▶ Task details
Quote exactly the lines spanning from the top of the data below to the line that contains "by (elim abs_cont_onE[OF f \<open>\<epsilon> / 2", including both.

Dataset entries
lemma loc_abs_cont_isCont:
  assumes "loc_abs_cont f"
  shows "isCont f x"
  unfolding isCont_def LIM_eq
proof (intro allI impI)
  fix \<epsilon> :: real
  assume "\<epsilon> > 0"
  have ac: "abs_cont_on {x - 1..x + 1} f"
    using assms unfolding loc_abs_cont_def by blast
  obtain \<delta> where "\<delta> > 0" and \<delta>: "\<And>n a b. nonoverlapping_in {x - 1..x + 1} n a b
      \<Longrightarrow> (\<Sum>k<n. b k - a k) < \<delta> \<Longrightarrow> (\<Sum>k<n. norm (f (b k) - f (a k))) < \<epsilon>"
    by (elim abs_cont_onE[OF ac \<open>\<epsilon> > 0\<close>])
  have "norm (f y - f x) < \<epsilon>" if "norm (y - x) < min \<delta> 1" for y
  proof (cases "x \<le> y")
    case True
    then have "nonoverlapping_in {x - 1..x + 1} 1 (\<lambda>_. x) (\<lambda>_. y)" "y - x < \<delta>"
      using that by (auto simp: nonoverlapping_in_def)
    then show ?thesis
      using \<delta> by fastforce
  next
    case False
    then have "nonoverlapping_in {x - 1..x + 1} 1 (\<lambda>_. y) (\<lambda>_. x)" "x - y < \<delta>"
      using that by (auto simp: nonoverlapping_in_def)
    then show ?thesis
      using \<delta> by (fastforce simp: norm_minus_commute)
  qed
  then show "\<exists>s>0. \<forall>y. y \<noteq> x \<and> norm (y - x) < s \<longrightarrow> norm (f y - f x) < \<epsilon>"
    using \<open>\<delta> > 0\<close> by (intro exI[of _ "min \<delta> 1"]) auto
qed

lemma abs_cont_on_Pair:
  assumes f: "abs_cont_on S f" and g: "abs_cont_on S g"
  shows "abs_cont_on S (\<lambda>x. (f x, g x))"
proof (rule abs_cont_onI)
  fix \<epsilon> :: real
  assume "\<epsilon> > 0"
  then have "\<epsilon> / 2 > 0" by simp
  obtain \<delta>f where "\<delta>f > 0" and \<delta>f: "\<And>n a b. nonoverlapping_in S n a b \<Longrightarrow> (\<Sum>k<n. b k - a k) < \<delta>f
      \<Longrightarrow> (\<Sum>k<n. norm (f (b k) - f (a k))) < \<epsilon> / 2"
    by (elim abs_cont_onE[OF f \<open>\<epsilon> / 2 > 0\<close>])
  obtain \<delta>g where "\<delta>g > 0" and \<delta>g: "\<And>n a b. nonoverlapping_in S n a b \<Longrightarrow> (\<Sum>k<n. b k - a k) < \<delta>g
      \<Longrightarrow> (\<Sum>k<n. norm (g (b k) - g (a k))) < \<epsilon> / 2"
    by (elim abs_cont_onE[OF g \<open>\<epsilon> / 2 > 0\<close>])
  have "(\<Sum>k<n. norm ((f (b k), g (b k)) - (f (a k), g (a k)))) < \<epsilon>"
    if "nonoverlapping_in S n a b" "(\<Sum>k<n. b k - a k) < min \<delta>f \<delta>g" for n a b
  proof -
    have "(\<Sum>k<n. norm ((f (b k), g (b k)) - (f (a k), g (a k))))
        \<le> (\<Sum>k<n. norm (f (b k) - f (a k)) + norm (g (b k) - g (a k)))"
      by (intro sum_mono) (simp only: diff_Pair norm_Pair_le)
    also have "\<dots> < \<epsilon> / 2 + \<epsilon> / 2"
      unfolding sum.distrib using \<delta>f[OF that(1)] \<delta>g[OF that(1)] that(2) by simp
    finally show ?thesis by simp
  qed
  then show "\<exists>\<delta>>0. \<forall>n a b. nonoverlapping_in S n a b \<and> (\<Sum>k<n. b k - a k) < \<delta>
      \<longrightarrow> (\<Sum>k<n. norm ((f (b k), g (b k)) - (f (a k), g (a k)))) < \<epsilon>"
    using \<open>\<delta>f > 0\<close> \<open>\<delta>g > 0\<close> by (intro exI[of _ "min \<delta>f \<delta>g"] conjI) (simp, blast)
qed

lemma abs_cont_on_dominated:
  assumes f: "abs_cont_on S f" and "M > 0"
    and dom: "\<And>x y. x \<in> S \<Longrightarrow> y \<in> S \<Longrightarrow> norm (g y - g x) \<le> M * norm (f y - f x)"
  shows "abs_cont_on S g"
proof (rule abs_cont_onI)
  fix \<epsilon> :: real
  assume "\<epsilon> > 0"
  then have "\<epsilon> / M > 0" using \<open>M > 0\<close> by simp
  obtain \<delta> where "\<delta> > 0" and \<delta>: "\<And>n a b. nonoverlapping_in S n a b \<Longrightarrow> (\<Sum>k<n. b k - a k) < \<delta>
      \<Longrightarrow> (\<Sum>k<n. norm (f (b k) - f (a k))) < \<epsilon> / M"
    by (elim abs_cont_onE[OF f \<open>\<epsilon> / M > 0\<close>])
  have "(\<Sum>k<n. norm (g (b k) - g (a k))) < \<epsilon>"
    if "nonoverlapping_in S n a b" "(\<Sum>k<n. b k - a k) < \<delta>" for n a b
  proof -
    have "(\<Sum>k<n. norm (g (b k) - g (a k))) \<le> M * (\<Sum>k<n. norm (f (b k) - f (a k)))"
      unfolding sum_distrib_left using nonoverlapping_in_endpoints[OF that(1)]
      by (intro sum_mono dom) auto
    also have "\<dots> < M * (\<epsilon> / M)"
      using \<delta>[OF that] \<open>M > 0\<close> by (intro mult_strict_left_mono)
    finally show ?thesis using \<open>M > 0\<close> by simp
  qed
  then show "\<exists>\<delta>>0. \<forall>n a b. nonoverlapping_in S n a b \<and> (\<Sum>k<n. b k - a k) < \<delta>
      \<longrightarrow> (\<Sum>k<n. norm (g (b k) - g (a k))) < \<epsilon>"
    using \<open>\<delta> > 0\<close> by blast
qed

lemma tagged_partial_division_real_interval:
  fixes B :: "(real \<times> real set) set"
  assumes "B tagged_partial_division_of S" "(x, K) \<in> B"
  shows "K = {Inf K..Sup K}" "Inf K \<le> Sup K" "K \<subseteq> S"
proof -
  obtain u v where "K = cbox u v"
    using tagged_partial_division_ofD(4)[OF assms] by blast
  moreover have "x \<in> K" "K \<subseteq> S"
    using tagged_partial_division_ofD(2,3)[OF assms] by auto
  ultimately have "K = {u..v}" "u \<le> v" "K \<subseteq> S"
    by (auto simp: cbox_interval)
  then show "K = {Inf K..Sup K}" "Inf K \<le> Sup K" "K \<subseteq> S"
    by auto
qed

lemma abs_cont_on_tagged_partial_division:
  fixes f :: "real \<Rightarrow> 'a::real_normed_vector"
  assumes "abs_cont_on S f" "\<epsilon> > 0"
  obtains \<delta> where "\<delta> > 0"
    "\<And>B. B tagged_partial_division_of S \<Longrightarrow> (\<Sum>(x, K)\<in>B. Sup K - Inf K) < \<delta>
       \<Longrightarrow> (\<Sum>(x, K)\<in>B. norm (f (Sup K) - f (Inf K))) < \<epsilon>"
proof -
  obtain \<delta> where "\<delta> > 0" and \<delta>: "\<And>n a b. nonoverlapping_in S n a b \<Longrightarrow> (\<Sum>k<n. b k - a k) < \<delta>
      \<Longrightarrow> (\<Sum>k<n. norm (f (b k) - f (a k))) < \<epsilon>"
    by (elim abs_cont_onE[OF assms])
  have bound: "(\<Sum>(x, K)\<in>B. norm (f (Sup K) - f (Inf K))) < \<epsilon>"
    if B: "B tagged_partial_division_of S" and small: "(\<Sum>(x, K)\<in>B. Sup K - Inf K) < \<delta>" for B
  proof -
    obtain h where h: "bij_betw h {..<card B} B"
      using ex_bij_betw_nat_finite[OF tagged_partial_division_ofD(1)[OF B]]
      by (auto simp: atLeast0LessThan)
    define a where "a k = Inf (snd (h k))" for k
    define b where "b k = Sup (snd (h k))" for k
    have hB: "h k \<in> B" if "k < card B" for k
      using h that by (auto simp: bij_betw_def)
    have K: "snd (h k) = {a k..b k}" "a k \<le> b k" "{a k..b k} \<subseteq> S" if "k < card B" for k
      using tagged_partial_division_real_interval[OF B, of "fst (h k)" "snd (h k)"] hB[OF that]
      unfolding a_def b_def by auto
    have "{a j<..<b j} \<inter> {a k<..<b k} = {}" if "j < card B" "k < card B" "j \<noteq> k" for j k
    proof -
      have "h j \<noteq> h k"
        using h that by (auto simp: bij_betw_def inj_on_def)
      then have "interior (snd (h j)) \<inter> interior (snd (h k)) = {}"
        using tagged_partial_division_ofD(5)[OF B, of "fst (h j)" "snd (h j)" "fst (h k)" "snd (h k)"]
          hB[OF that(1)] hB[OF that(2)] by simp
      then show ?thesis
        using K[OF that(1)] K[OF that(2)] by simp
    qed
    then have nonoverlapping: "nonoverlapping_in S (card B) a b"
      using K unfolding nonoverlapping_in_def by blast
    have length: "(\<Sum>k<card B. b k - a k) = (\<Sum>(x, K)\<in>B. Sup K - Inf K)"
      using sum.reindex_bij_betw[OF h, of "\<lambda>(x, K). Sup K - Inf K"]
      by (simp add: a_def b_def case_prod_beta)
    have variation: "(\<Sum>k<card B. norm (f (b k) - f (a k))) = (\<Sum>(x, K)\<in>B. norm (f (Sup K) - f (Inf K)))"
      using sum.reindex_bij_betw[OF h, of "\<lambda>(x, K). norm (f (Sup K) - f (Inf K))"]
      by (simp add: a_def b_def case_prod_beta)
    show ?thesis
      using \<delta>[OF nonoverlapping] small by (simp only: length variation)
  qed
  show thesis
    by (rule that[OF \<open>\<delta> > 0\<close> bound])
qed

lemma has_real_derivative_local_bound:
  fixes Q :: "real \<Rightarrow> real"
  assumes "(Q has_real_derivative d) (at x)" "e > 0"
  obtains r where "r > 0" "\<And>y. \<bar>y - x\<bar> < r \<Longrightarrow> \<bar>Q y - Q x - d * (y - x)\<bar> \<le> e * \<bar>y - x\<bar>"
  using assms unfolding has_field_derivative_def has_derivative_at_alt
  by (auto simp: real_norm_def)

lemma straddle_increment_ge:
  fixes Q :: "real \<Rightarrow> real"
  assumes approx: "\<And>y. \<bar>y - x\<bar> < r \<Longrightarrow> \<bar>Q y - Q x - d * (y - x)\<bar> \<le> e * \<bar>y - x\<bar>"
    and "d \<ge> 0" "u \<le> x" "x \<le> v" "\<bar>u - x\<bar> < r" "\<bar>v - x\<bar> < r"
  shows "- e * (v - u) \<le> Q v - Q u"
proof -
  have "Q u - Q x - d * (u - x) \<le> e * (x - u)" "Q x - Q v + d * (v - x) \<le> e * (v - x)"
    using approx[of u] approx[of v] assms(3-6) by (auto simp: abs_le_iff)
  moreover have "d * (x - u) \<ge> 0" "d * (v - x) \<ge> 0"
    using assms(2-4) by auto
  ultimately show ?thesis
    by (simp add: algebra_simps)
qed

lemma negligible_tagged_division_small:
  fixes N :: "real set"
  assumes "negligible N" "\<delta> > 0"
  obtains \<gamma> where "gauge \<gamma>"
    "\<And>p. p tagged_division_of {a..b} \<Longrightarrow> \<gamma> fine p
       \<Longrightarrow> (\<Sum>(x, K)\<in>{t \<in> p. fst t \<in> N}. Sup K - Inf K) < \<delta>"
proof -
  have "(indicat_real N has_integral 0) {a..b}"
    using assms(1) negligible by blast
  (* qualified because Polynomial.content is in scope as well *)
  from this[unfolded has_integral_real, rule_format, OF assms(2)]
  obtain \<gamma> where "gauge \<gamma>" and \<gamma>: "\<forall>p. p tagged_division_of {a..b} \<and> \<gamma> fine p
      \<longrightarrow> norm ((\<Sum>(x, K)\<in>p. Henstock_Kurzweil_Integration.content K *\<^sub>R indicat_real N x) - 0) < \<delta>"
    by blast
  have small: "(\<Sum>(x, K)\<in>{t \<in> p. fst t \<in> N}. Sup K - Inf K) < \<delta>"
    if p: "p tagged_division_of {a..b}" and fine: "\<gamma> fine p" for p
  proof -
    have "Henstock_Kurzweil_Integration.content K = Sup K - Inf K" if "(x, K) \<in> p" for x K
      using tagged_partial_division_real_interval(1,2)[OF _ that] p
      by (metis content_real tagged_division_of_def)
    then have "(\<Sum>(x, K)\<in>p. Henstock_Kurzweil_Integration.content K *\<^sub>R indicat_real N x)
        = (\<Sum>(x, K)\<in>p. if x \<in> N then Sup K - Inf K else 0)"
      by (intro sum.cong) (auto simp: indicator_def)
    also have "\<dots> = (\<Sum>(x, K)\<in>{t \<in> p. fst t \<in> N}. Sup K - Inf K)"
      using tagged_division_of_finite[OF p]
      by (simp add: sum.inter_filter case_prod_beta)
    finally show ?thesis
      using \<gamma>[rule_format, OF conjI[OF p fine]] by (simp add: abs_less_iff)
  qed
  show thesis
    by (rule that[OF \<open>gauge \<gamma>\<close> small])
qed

▶ Exercise answer
lemma loc_abs_cont_isCont:
  assumes "loc_abs_cont f"
  shows "isCont f x"
  unfolding isCont_def LIM_eq
proof (intro allI impI)
  fix \<epsilon> :: real
  assume "\<epsilon> > 0"
  have ac: "abs_cont_on {x - 1..x + 1} f"
    using assms unfolding loc_abs_cont_def by blast
  obtain \<delta> where "\<delta> > 0" and \<delta>: "\<And>n a b. nonoverlapping_in {x - 1..x + 1} n a b
      \<Longrightarrow> (\<Sum>k<n. b k - a k) < \<delta> \<Longrightarrow> (\<Sum>k<n. norm (f (b k) - f (a k))) < \<epsilon>"
    by (elim abs_cont_onE[OF ac \<open>\<epsilon> > 0\<close>])
  have "norm (f y - f x) < \<epsilon>" if "norm (y - x) < min \<delta> 1" for y
  proof (cases "x \<le> y")
    case True
    then have "nonoverlapping_in {x - 1..x + 1} 1 (\<lambda>_. x) (\<lambda>_. y)" "y - x < \<delta>"
      using that by (auto simp: nonoverlapping_in_def)
    then show ?thesis
      using \<delta> by fastforce
  next
    case False
    then have "nonoverlapping_in {x - 1..x + 1} 1 (\<lambda>_. y) (\<lambda>_. x)" "x - y < \<delta>"
      using that by (auto simp: nonoverlapping_in_def)
    then show ?thesis
      using \<delta> by (fastforce simp: norm_minus_commute)
  qed
  then show "\<exists>s>0. \<forall>y. y \<noteq> x \<and> norm (y - x) < s \<longrightarrow> norm (f y - f x) < \<epsilon>"
    using \<open>\<delta> > 0\<close> by (intro exI[of _ "min \<delta> 1"]) auto
qed

lemma abs_cont_on_Pair:
  assumes f: "abs_cont_on S f" and g: "abs_cont_on S g"
  shows "abs_cont_on S (\<lambda>x. (f x, g x))"
proof (rule abs_cont_onI)
  fix \<epsilon> :: real
  assume "\<epsilon> > 0"
  then have "\<epsilon> / 2 > 0" by simp
  obtain \<delta>f where "\<delta>f > 0" and \<delta>f: "\<And>n a b. nonoverlapping_in S n a b \<Longrightarrow> (\<Sum>k<n. b k - a k) < \<delta>f
      \<Longrightarrow> (\<Sum>k<n. norm (f (b k) - f (a k))) < \<epsilon> / 2"
    by (elim abs_cont_onE[OF f \<open>\<epsilon> / 2 > 0\<close>])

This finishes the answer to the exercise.